═════ Entries supplied
text \<open>
  The encoding D \<mapsto> (r \<mapsto> degree_part D r) sends degree \<le> N into multisets of size \<le> N div r,
  and the weight x^deg D factors along it.
\<close>
lemma sum_power_weighted_degree_le_prod:
  fixes x :: real
  assumes R: "finite R" "\<And>r. r \<in> R \<Longrightarrow> 1 \<le> r \<and> finite (places_of_degree pl dg r)"
    and nonneg: "\<And>D P. D \<in> U \<Longrightarrow> 0 \<le> D P"
    and supp: "\<And>D. D \<in> U \<Longrightarrow> {P. D P \<noteq> 0} \<subseteq> (\<Union>r\<in>R. places_of_degree pl dg r)"
    and deg: "\<And>D. D \<in> U \<Longrightarrow> weighted_degree dg D \<le> int N"
    and "0 \<le> x"
  shows "(\<Sum>D\<in>U. x ^ nat (weighted_degree dg D))
    \<le> (\<Prod>r\<in>R. \<Sum>b=0..N div r. x ^ (r * b) * real ((card (places_of_degree pl dg r) + b - 1) choose b))"
proof -
  define psi where "psi D = restrict (degree_part pl dg D) R" for D
  define Dom where
    "Dom = PiE R (\<lambda>r. {M. set_mset M \<subseteq> places_of_degree pl dg r \<and> size M \<le> N div r})"
  define w where "w M = (\<Prod>r\<in>R. x ^ (r * size (M r)))" for M :: "nat \<Rightarrow> 'a multiset"
  have deg_parts: "weighted_degree dg D = (\<Sum>r\<in>R. int r * int (size (degree_part pl dg D r)))"
    if "D \<in> U" for D
    using R nonneg supp that by (intro weighted_degree_eq_sum_degree_parts) auto
  have "psi D \<in> Dom" if D: "D \<in> U" for D
  proof -
    have "degree_part pl dg D r
        \<in> {M. set_mset M \<subseteq> places_of_degree pl dg r \<and> size M \<le> N div r}" if r: "r \<in> R" for r
    proof -
      have "int r * int (size (degree_part pl dg D r)) \<le> weighted_degree dg D"
        unfolding deg_parts[OF D] using R r by (intro member_le_sum) auto
      with deg[OF D] have "size (degree_part pl dg D r) * r \<le> N"
        by (simp add: mult.commute flip: of_nat_mult)
      thus ?thesis using R(2)[OF r] set_degree_part[of pl dg r D]
        by (simp add: less_eq_div_iff_mult_less_eq)
    qed
    thus ?thesis by (auto simp: Dom_def psi_def)
  qed
  hence "psi ` U \<subseteq> Dom" by blast
  have w_psi: "x ^ nat (weighted_degree dg D) = w (psi D)" if "D \<in> U" for D
    by (simp add: deg_parts[OF that] w_def psi_def power_sum flip: of_nat_mult of_nat_sum)
  have "inj_on psi U"
    unfolding psi_def using R(2) nonneg supp by (intro inj_on_degree_parts) auto
  have "finite Dom" unfolding Dom_def using R by (auto intro!: finite_PiE finite_multisets_size_le)
  have "(\<Sum>D\<in>U. x ^ nat (weighted_degree dg D)) = (\<Sum>M\<in>psi ` U. w M)"
    using w_psi \<open>inj_on psi U\<close> by (simp add: sum.reindex)
  also have "\<dots> \<le> (\<Sum>M\<in>Dom. w M)"
    using \<open>finite Dom\<close> \<open>psi ` U \<subseteq> Dom\<close> \<open>0 \<le> x\<close>
    by (intro sum_mono2) (auto simp: w_def intro!: prod_nonneg)
  also have "\<dots> = (\<Prod>r\<in>R. \<Sum>M\<in>{M. set_mset M \<subseteq> places_of_degree pl dg r \<and> size M \<le> N div r}.
                    x ^ (r * size M))"
    unfolding Dom_def w_def using R by (intro prod_sum_PiE[symmetric] finite_multisets_size_le) auto
  also have "\<dots> = (\<Prod>r\<in>R. \<Sum>b=0..N div r.
                    x ^ (r * b) * real ((card (places_of_degree pl dg r) + b - 1) choose b))"
    using R by (intro prod.cong refl sum_power_multisets_size_le) auto
  finally show ?thesis .
qed

text \<open>
  Degrees n with infinitely many effective divisors contribute card = 0 on the left, so only
  finite ones matter; their supports avoid places of degree 0 and infinite degree classes.
\<close>
lemma sum_card_effective_divisors_le_prod:
  fixes x :: real
  assumes "0 \<le> x"
  shows "(\<Sum>n=0..N. real (card (effective_divisors_of_degree pl dg n)) * x ^ n)
    \<le> (\<Prod>r\<in>{r. 1 \<le> r \<and> r \<le> N \<and> card (places_of_degree pl dg r) \<ge> 1}.
          \<Sum>b=0..N div r. x ^ (r * b) * real ((card (places_of_degree pl dg r) + b - 1) choose b))"
    (is "_ \<le> (\<Prod>r\<in>?R. _)")
proof -
  let ?E = "effective_divisors_of_degree pl dg"
  define T where "T n = (if finite (?E n) then ?E n else {})" for n
  define U where "U = (\<Union>n\<in>{0..N}. T n)"
  have R: "finite ?R" "\<And>r. r \<in> ?R \<Longrightarrow> 1 \<le> r \<and> finite (places_of_degree pl dg r)"
    by (auto intro: finite_subset[of _ "{..N}"] card_ge_0_finite)
  have U: "\<exists>n\<le>N. D \<in> ?E n \<and> finite (?E n)" if "D \<in> U" for D
    using that by (auto simp: U_def T_def split: if_splits)
  have supp: "{P. D P \<noteq> 0} \<subseteq> (\<Union>r\<in>?R. places_of_degree pl dg r)" if D: "D \<in> U" for D
  proof
    fix P assume P: "P \<in> {P. D P \<noteq> 0}"
    from U[OF D] obtain n where n: "n \<le> N" "D \<in> ?E n" "finite (?E n)" by blast
    have "dg P \<noteq> 0"
      using infinite_effective_divisors_of_degree_zero_place[OF n(2), of P] P n(3) by auto
    moreover have "finite (places_of_degree pl dg (dg P))"
      using infinite_effective_divisors_of_degree_infinite_class[OF n(2), of P] P n(3) by auto
    moreover have "P \<in> places_of_degree pl dg (dg P)"
      using effective_divisors_of_degreeD(2)[OF n(2)] P by (simp add: places_of_degree_def)
    moreover have "dg P \<le> N" using degree_le_of_support[OF n(2), of P] P n(1) by simp
    ultimately show "P \<in> (\<Union>r\<in>?R. places_of_degree pl dg r)"
      by (intro UN_I[of "dg P"]) (auto simp: Suc_le_eq card_gt_0_iff)
  qed
  have "(\<Sum>n=0..N. real (card (?E n)) * x ^ n) = (\<Sum>n=0..N. real (card (T n)) * x ^ n)"
    by (intro sum.cong) (auto simp: T_def)
  also have "\<dots> = (\<Sum>n=0..N. \<Sum>D\<in>T n. x ^ nat (weighted_degree dg D))"
    by (intro sum.cong refl) (auto simp: T_def effective_divisors_of_degree_def)
  also have "\<dots> = (\<Sum>D\<in>U. x ^ nat (weighted_degree dg D))"
    unfolding U_def by (intro sum.UNION_disjoint[symmetric])
      (auto simp: T_def effective_divisors_of_degree_def split: if_splits)
  also have "\<dots> \<le> (\<Prod>r\<in>?R. \<Sum>b=0..N div r.
                    x ^ (r * b) * real ((card (places_of_degree pl dg r) + b - 1) choose b))"
  proof (rule sum_power_weighted_degree_le_prod[OF R _ supp _ \<open>0 \<le> x\<close>])
    fix D assume "D \<in> U"
    then obtain n where n: "n \<le> N" "D \<in> ?E n" using U by blast
    show "\<And>P. 0 \<le> D P" "weighted_degree dg D \<le> int N"
      using effective_divisors_of_degreeD(3,4)[OF n(2)] n(1) by simp_all
  qed
  finally show ?thesis .
qed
══════════
Each line above that has the word "proof" must be copied.

proof -
  proof -
    proof -
proof -
  proof
  proof (rule sum_power_weighted_degree_le_prod[OF R _ supp _ \<open>0 \<le> x\<close>])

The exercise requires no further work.